The losses from the complex Luxembourg-registered Oak Finance vehicle has already led to scrutiny in parliament but the fund has told Responsible Investor: “We are confident that all our internal processes, including our RI Framework, were followed correctly.”

It comes as NZ Super this week confirmed it had filed Portuguese legal proceedings against the Bank of Portugal. The fund is challenging the central bank’s decision which purported to ‘clarify’ that the Oak Finance loan had not been transferred from the failed Banco Espirito Santo (BES) to Novo Banco (“new bank”), with retroactive effect. The proceedings are in addition to the English debt recovery action launched in February against Novo Banco.

At issue are potential losses from its US$150m investment in the Oak Finance vehicle, which ultimately went to finance an oil refinery project in Venezuela, though the fund said this was outside its control (see Wall Street Journal report on the deal here).

The losses have led to the fund’s responsible investing stance coming under close parliamentary scrutiny, with opposition Green Party MP James Shaw leading the questioning of Finance Minister Steve Joyce in February.

NZ Super told RI this week: “The funding was for general corporate purposes and was not secured over any particular assets of BES. We were aware that BES had funding demands for the Venezuelan project, but what the funding was used for was not controlled by us.”It said it didn’t see the arrangement as a project finance deal “regardless of whether BES decided to use the finance for the oil refinery” or other purposes. It added that the “credit opportunities strategy” of which the deal was a part has added NZ$900m already to the fund, even after a precautionary write-down.
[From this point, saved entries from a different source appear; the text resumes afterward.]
(* Let $\mathcal C$ be a small exact category. The map $\gamma_{0,\mathcal C}:\mathsf{Cob}_0(\mathcal C)\to K_0(\mathcal C)$, $[M]\mapsto\sum_{b\in M}s(b)[X_b]$, is a well-defined isomorphism of abelian groups.
   Context: An exact category is an additive category $\mathcal C$ that is a full additive subcategory of an abelian category $\mathcal A$ with the following property: if $0\to X_1\to X_2\to X_3\to0$ is exact in $\mathcal A$ with $X_1,X_3$ in $\mathcal C$, then $X_2$ is isomorphic to an object of $\mathcal C$. Exact sequences in $\mathcal C$ are those exact sequences of $\mathcal A$ with all terms in $\mathcal C$. $K_0(\mathcal C)$ is generated by $[X]$, $X\in\mathrm{Ob}(\mathcal C)$, with $[X_2]=[X_1]+[X_3]$ for each exact sequence $0\to X_1\to X_2\to X_3\to 0$ in $\mathcal C$. A $\mathcal C$-decorated 0-foam is a finite set of points $b$, each with a sign $s(b)\in\{\pm1\}$ and an object $X_b\in\mathcal C$; $-M$ reverses signs. A $\mathcal C$-decorated 1-foam is a finite oriented graph (loops, multiple edges and circles allowed) with trivalent interior vertices. Each vertex is either "in" (two edges in, one out) or "out" (one in, two out); the two edges of equal orientation type are thin and the third is thick. The foam carries a flat connection with fibers objects of $\mathcal C$. At each vertex the thin edges are ordered, and an exact sequence $0\to X_{\mathrm{first}}\to X_{\mathrm{thick}}\to X_{\mathrm{second}}\to0$ in $\mathcal C$ of nearby fibers is fixed. Boundary points carry the fiber and sign $+$ if the edge points toward them, $-$ otherwise. A 1-foam $U$ is a cobordism from $M_0$ to $M_1$ if $\partial U\cong M_1\sqcup(-M_0)$. $\mathsf{Cob}_0(\mathcal C)$ is the set of $\mathcal C$-decorated 0-foams modulo the equivalence relation generated by cobordism, an abelian group under disjoint union. *)

theory Defs
  imports "HOL-Algebra.Free_Abelian_Groups" "HOL-Algebra.Coset" "HOL-Library.Multiset"
begin

text \<open>A small category: a set of objects, a set of arrows, domain, codomain,
  composition (cComp g f = g after f) and identities.\<close>
record ('o, 'm) cat =
  cOb   :: "'o set"
  cAr   :: "'m set"
  cDom  :: "'m \<Rightarrow> 'o"
  cCod  :: "'m \<Rightarrow> 'o"
  cComp :: "'m \<Rightarrow> 'm \<Rightarrow> 'm"
  cId   :: "'o \<Rightarrow> 'm"

definition is_category :: "('o, 'm) cat \<Rightarrow> bool" where
  "is_category C \<longleftrightarrow>
     (\<forall>f\<in>cAr C. cDom C f \<in> cOb C \<and> cCod C f \<in> cOb C) \<and>
     (\<forall>x\<in>cOb C. cId C x \<in> cAr C \<and> cDom C (cId C x) = x \<and> cCod C (cId C x) = x) \<and>
     (\<forall>f\<in>cAr C. \<forall>g\<in>cAr C. cCod C f = cDom C g \<longrightarrow>
        cComp C g f \<in> cAr C \<and> cDom C (cComp C g f) = cDom C f \<and> cCod C (cComp C g f) = cCod C g) \<and>
     (\<forall>f\<in>cAr C. cComp C f (cId C (cDom C f)) = f \<and> cComp C (cId C (cCod C f)) f = f) \<and>
     (\<forall>f\<in>cAr C. \<forall>g\<in>cAr C. \<forall>h\<in>cAr C. cCod C f = cDom C g \<and> cCod C g = cDom C h \<longrightarrow>
        cComp C h (cComp C g f) = cComp C (cComp C h g) f)"

definition hom :: "('o, 'm) cat \<Rightarrow> 'o \<Rightarrow> 'o \<Rightarrow> 'm set" where
  "hom C x y = {f \<in> cAr C. cDom C f = x \<and> cCod C f = y}"

definition zero_object :: "('o, 'm) cat \<Rightarrow> 'o \<Rightarrow> bool" where
  "zero_object C z \<longleftrightarrow> z \<in> cOb C \<and>
     (\<forall>x\<in>cOb C. (\<exists>!f. f \<in> hom C x z) \<and> (\<exists>!f. f \<in> hom C z x))"

definition zero_arrow :: "('o, 'm) cat \<Rightarrow> 'm \<Rightarrow> bool" where
  "zero_arrow C f \<longleftrightarrow> f \<in> cAr C \<and>
     (\<exists>z. zero_object C z \<and> (\<exists>a\<in>hom C (cDom C f) z. \<exists>b\<in>hom C z (cCod C f). f = cComp C b a))"

definition is_kernel :: "('o, 'm) cat \<Rightarrow> 'm \<Rightarrow> 'm \<Rightarrow> bool" where
  "is_kernel C k f \<longleftrightarrow> k \<in> cAr C \<and> f \<in> cAr C \<and> cCod C k = cDom C f \<and>
     zero_arrow C (cComp C f k) \<and>
     (\<forall>h\<in>cAr C. cCod C h = cDom C f \<and> zero_arrow C (cComp C f h) \<longrightarrow>
        (\<exists>!u. u \<in> hom C (cDom C h) (cDom C k) \<and> cComp C k u = h))"

definition is_cokernel :: "('o, 'm) cat \<Rightarrow> 'm \<Rightarrow> 'm \<Rightarrow> bool" where
  "is_cokernel C c f \<longleftrightarrow> c \<in> cAr C \<and> f \<in> cAr C \<and> cDom C c = cCod C f \<and>
     zero_arrow C (cComp C c f) \<and>
     (\<forall>h\<in>cAr C. cDom C h = cCod C f \<and> zero_arrow C (cComp C h f) \<longrightarrow>
        (\<exists>!u. u \<in> hom C (cCod C c) (cCod C h) \<and> cComp C u c = h))"

definition is_mono :: "('o, 'm) cat \<Rightarrow> 'm \<Rightarrow> bool" where
  "is_mono C f \<longleftrightarrow> f \<in> cAr C \<and>
     (\<forall>g\<in>cAr C. \<forall>h\<in>cAr C. cCod C g = cDom C f \<and> cCod C h = cDom C f \<and> cDom C g = cDom C h \<and>
        cComp C f g = cComp C f h \<longrightarrow> g = h)"

definition is_epi :: "('o, 'm) cat \<Rightarrow> 'm \<Rightarrow> bool" where
  "is_epi C f \<longleftrightarrow> f \<in> cAr C \<and>
     (\<forall>g\<in>cAr C. \<forall>h\<in>cAr C. cDom C g = cCod C f \<and> cDom C h = cCod C f \<and> cCod C g = cCod C h \<and>
        cComp C g f = cComp C h f \<longrightarrow> g = h)"

definition is_product :: "('o, 'm) cat \<Rightarrow> 'o \<Rightarrow> 'o \<Rightarrow> 'o \<Rightarrow> 'm \<Rightarrow> 'm \<Rightarrow> bool" where
  "is_product C a b p p1 p2 \<longleftrightarrow> p1 \<in> hom C p a \<and> p2 \<in> hom C p b \<and>
     (\<forall>x\<in>cOb C. \<forall>f\<in>hom C x a. \<forall>g\<in>hom C x b.
        \<exists>!u. u \<in> hom C x p \<and> cComp C p1 u = f \<and> cComp C p2 u = g)"

definition is_coproduct :: "('o, 'm) cat \<Rightarrow> 'o \<Rightarrow> 'o \<Rightarrow> 'o \<Rightarrow> 'm \<Rightarrow> 'm \<Rightarrow> bool" where
  "is_coproduct C a b q i1 i2 \<longleftrightarrow> i1 \<in> hom C a q \<and> i2 \<in> hom C b q \<and>
     (\<forall>x\<in>cOb C. \<forall>f\<in>hom C a x. \<forall>g\<in>hom C b x.
        \<exists>!u. u \<in> hom C q x \<and> cComp C u i1 = f \<and> cComp C u i2 = g)"

definition abelian :: "('o, 'm) cat \<Rightarrow> bool" where
  "abelian C \<longleftrightarrow> is_category C \<and> (\<exists>z. zero_object C z) \<and>
     (\<forall>a\<in>cOb C. \<forall>b\<in>cOb C. \<exists>p p1 p2. is_product C a b p p1 p2) \<and>
     (\<forall>a\<in>cOb C. \<forall>b\<in>cOb C. \<exists>q i1 i2. is_coproduct C a b q i1 i2) \<and>
     (\<forall>f\<in>cAr C. \<exists>k. is_kernel C k f) \<and>
     (\<forall>f\<in>cAr C. \<exists>c. is_cokernel C c f) \<and>
     (\<forall>f. is_mono C f \<longrightarrow> (\<exists>g. is_kernel C f g)) \<and>
     (\<forall>f. is_epi C f \<longrightarrow> (\<exists>g. is_cokernel C f g))"

definition iso_objects :: "('o, 'm) cat \<Rightarrow> 'o \<Rightarrow> 'o \<Rightarrow> bool" where
  "iso_objects C x y \<longleftrightarrow> (\<exists>f\<in>hom C x y. \<exists>g\<in>hom C y x. cComp C g f = cId C x \<and> cComp C f g = cId C y)"

definition short_exact :: "('o, 'm) cat \<Rightarrow> 'm \<Rightarrow> 'm \<Rightarrow> bool" where
  "short_exact C f g \<longleftrightarrow> is_kernel C f g \<and> is_cokernel C g f"

text \<open>An exact category C, given as the object set S of a full subcategory of the
  abelian category A: additive (contains a zero object of A and, for any two of its
  objects, a product of them in A), and closed under extensions up to isomorphism.\<close>
definition exact_category :: "('o, 'm) cat \<Rightarrow> 'o set \<Rightarrow> bool" where
  "exact_category A S \<longleftrightarrow> abelian A \<and> S \<subseteq> cOb A \<and>
     (\<exists>z\<in>S. zero_object A z) \<and>
     (\<forall>x\<in>S. \<forall>y\<in>S. \<exists>p p1 p2. p \<in> S \<and> is_product A x y p p1 p2) \<and>
     (\<forall>f g. short_exact A f g \<and> cDom A f \<in> S \<and> cCod A g \<in> S \<longrightarrow>
        (\<exists>y\<in>S. iso_objects A (cCod A f) y))"

definition exact_in :: "('o, 'm) cat \<Rightarrow> 'o set \<Rightarrow> 'm \<Rightarrow> 'm \<Rightarrow> bool" where
  "exact_in A S f g \<longleftrightarrow> short_exact A f g \<and> cDom A f \<in> S \<and> cCod A f \<in> S \<and> cCod A g \<in> S"

definition K0_free :: "'o set \<Rightarrow> ('o \<Rightarrow>\<^sub>0 int) monoid" where
  "K0_free S = free_Abelian_group S"

definition K0_rels :: "('o, 'm) cat \<Rightarrow> 'o set \<Rightarrow> ('o \<Rightarrow>\<^sub>0 int) set" where
  "K0_rels A S = {frag_of (cCod A f) - frag_of (cDom A f) - frag_of (cCod A g) | f g. exact_in A S f g}"

definition K0 :: "('o, 'm) cat \<Rightarrow> 'o set \<Rightarrow> ('o \<Rightarrow>\<^sub>0 int) set monoid" where
  "K0 A S = K0_free S Mod generate (K0_free S) (K0_rels A S)"

definition K0_class :: "('o, 'm) cat \<Rightarrow> 'o set \<Rightarrow> ('o \<Rightarrow>\<^sub>0 int) \<Rightarrow> ('o \<Rightarrow>\<^sub>0 int) set" where
  "K0_class A S x = r_coset (K0_free S) (generate (K0_free S) (K0_rels A S)) x"

text \<open>A C-decorated 0-foam, up to isomorphism, is a finite multiset of points, each
  given by its sign (True = +1, False = -1) and its object.\<close>
type_synonym 'o foam0 = "(bool \<times> 'o) multiset"

definition valid_foam0 :: "'o set \<Rightarrow> 'o foam0 \<Rightarrow> bool" where
  "valid_foam0 S M \<longleftrightarrow> (\<forall>p\<in>#M. snd p \<in> S)"

definition neg_foam0 :: "'o foam0 \<Rightarrow> 'o foam0" where
  "neg_foam0 M = image_mset (\<lambda>(s, X). (\<not> s, X)) M"

text \<open>A 1-foam: a finite oriented graph with vertex set fV and edge set fE (edge e goes
  from fSrc e to fTgt e), the trivialised flat connection (fiber fFib e along edge e),
  and at every interior vertex v the ordered thin edge-ends fFirst v, fSecond v, the thick
  edge-end fThick v, and an exact sequence given by fF v, fG v.  An edge-end is a pair
  (e, b): b = True is the head (target) end of e, b = False its tail (source) end.\<close>
record ('o, 'm) foam1 =
  fV      :: "nat set"
  fE      :: "nat set"
  fSrc    :: "nat \<Rightarrow> nat"
  fTgt    :: "nat \<Rightarrow> nat"
  fFib    :: "nat \<Rightarrow> 'o"
  fFirst  :: "nat \<Rightarrow> nat \<times> bool"
  fSecond :: "nat \<Rightarrow> nat \<times> bool"
  fThick  :: "nat \<Rightarrow> nat \<times> bool"
  fF      :: "nat \<Rightarrow> 'm"
  fG      :: "nat \<Rightarrow> 'm"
“What the funding was used for was not controlled by us”

Asked about whether an ESG due diligence process had been made before the investment, the fund said its primary focus had been on ensuring it had credit protection to cover the risk of BES defaulting. “We review all our investments against the list of companies that are excluded from the Fund,” it said, adding that it doesn’t directly review finance firms’ loan books in detail.
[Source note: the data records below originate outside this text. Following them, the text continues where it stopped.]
(* Let $|\phi\rangle$ be a pure $n$-qubit stabilizer state and $A\subseteq\{0,1\}^n$ its computational-basis support. Under homogeneous local amplitude damping, $|\phi\rangle$ is a magic-insulator if and only if all strings in $A$ have the same Hamming weight. If the strings in $A$ do not all have the same Hamming weight, then $|\phi\rangle$ is a magic-generator. (Hence every pure stabilizer state is exactly one of the two, and the set $\{\gamma\in[0,1]:\mathcal E_\gamma^{\otimes n}(|\phi\rangle\langle\phi|)\in\mathcal S\}$ is either $[0,1]$ or $\{0,1\}$.)
   Context: $\mathcal E_\gamma$ is single-qubit amplitude damping with Kraus operators $|0\rangle\langle0|+\sqrt{1-\gamma}|1\rangle\langle1|$ and $\sqrt\gamma|0\rangle\langle1|$; homogeneous local damping means $\mathcal E_\gamma^{\otimes n}$. A pure stabilizer state is $C|0^n\rangle$ with $C$ Clifford; $\mathcal S$ is the convex hull of their density matrices. A pure stabilizer state $|\phi\rangle$ is a magic-insulator if $\mathcal E_\gamma^{\otimes n}(|\phi\rangle\langle\phi|)\in\mathcal S$ for all $\gamma\in[0,1]$, and a magic-generator if $\mathcal E_\gamma^{\otimes n}(|\phi\rangle\langle\phi|)\notin\mathcal S$ for every $0<\gamma<1$. The computational-basis support of $|\phi\rangle$ is $\{x:\langle x|\phi\rangle\ne0\}$. *)

theory Defs
  imports Complex_Main "Jordan_Normal_Form.Matrix"
begin

text \<open>The computational basis vector |x> is indexed by the
natural number x < 2^n, and the bit of qubit j in x is  bit x j  (j < n).\<close>

definition dagger :: "complex mat \<Rightarrow> complex mat" where
  "dagger A = mat (dim_col A) (dim_row A) (\<lambda>(i,j). cnj (A $$ (j,i)))"

definition unitary_mat :: "nat \<Rightarrow> complex mat \<Rightarrow> bool" where
  "unitary_mat d U \<longleftrightarrow> U \<in> carrier_mat d d \<and> U * dagger U = 1\<^sub>m d \<and> dagger U * U = 1\<^sub>m d"

text \<open>n-fold tensor product of 2x2 matrices Ms 0, ..., Ms (n-1) (Ms j acts on qubit j).\<close>
definition ntensor :: "nat \<Rightarrow> (nat \<Rightarrow> complex mat) \<Rightarrow> complex mat" where
  "ntensor n Ms = mat (2^n) (2^n)
     (\<lambda>(r,c). \<Prod>j<n. Ms j $$ (of_bool (bit r j), of_bool (bit c j)))"

definition pauliI :: "complex mat" where "pauliI = mat_of_rows_list 2 [[1,0],[0,1]]"
definition pauliX :: "complex mat" where "pauliX = mat_of_rows_list 2 [[0,1],[1,0]]"
definition pauliY :: "complex mat" where "pauliY = mat_of_rows_list 2 [[0,-\<i>],[\<i>,0]]"
definition pauliZ :: "complex mat" where "pauliZ = mat_of_rows_list 2 [[1,0],[0,-1]]"

definition pauli1 :: "nat \<Rightarrow> complex mat" where
  "pauli1 k = (if k = 0 then pauliI else if k = 1 then pauliX else if k = 2 then pauliY else pauliZ)"

definition pauli_group :: "nat \<Rightarrow> complex mat set" where
  "pauli_group n = {(\<i> ^ m) \<cdot>\<^sub>m ntensor n (\<lambda>j. pauli1 (p j)) | m p. m < 4 \<and> (\<forall>j. p j < 4)}"

definition clifford :: "nat \<Rightarrow> complex mat \<Rightarrow> bool" where
  "clifford n U \<longleftrightarrow> unitary_mat (2^n) U \<and>
     (\<forall>P \<in> pauli_group n. U * P * dagger U \<in> pauli_group n)"

definition ket0 :: "nat \<Rightarrow> complex vec" where
  "ket0 n = unit_vec (2^n) 0"

definition stabilizer_state :: "nat \<Rightarrow> complex vec \<Rightarrow> bool" where
  "stabilizer_state n \<psi> \<longleftrightarrow> (\<exists>C. clifford n C \<and> \<psi> = C *\<^sub>v ket0 n)"

definition proj :: "complex vec \<Rightarrow> complex mat" where
  "proj \<psi> = mat (dim_vec \<psi>) (dim_vec \<psi>) (\<lambda>(i,j). \<psi> $ i * cnj (\<psi> $ j))"

definition stab_polytope :: "nat \<Rightarrow> complex mat set" where
  "stab_polytope n = {\<rho>. \<exists>(m::nat) (p::nat \<Rightarrow> real) \<psi>.
      (\<forall>i<m. p i \<ge> 0 \<and> stabilizer_state n (\<psi> i)) \<and> (\<Sum>i<m. p i) = 1 \<and>
      \<rho> = mat (2^n) (2^n) (\<lambda>(r,c). \<Sum>i<m. complex_of_real (p i) * proj (\<psi> i) $$ (r,c))}"

definition AD_K0 :: "real \<Rightarrow> complex mat" where
  "AD_K0 \<gamma> = mat_of_rows_list 2 [[1,0],[0, complex_of_real (sqrt (1-\<gamma>))]]"
definition AD_K1 :: "real \<Rightarrow> complex mat" where
  "AD_K1 \<gamma> = mat_of_rows_list 2 [[0, complex_of_real (sqrt \<gamma>)],[0,0]]"

definition AD_kraus :: "nat \<Rightarrow> real \<Rightarrow> nat \<Rightarrow> complex mat" where
  "AD_kraus n \<gamma> s = ntensor n (\<lambda>j. if bit s j then AD_K1 \<gamma> else AD_K0 \<gamma>)"

definition AD_channel :: "nat \<Rightarrow> real \<Rightarrow> complex mat \<Rightarrow> complex mat" where
  "AD_channel n \<gamma> \<rho> = mat (2^n) (2^n)
     (\<lambda>(r,c). \<Sum>s<2^n. (AD_kraus n \<gamma> s * \<rho> * dagger (AD_kraus n \<gamma> s)) $$ (r,c))"

definition magic_insulator :: "nat \<Rightarrow> complex vec \<Rightarrow> bool" where
  "magic_insulator n \<psi> \<longleftrightarrow>
     (\<forall>\<gamma>::real. 0 \<le> \<gamma> \<and> \<gamma> \<le> 1 \<longrightarrow> AD_channel n \<gamma> (proj \<psi>) \<in> stab_polytope n)"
“We do use MSCI for our ESG monitoring, which includes for breaches of ESG standards by banks. Our current responsible investment policy of applying exclusions to our derivative and active collateral management transactions is likely to be more advanced in terms of RI practice than most investors.” The fund added it did not get a third-party to assure that the financing met its own ESG principles.

It also pointed out that it was BES’s responsibility under the Equator Principles (it was a signatory) to conduct ESG due diligence on any trade finance projects.

NZ Super concluded: “While we will always look to see what improvements we can make and what we can learn from experiences such as this, we do not believe there is anything we could have done to anticipate or mitigate the actions of the Bank of Portugal.”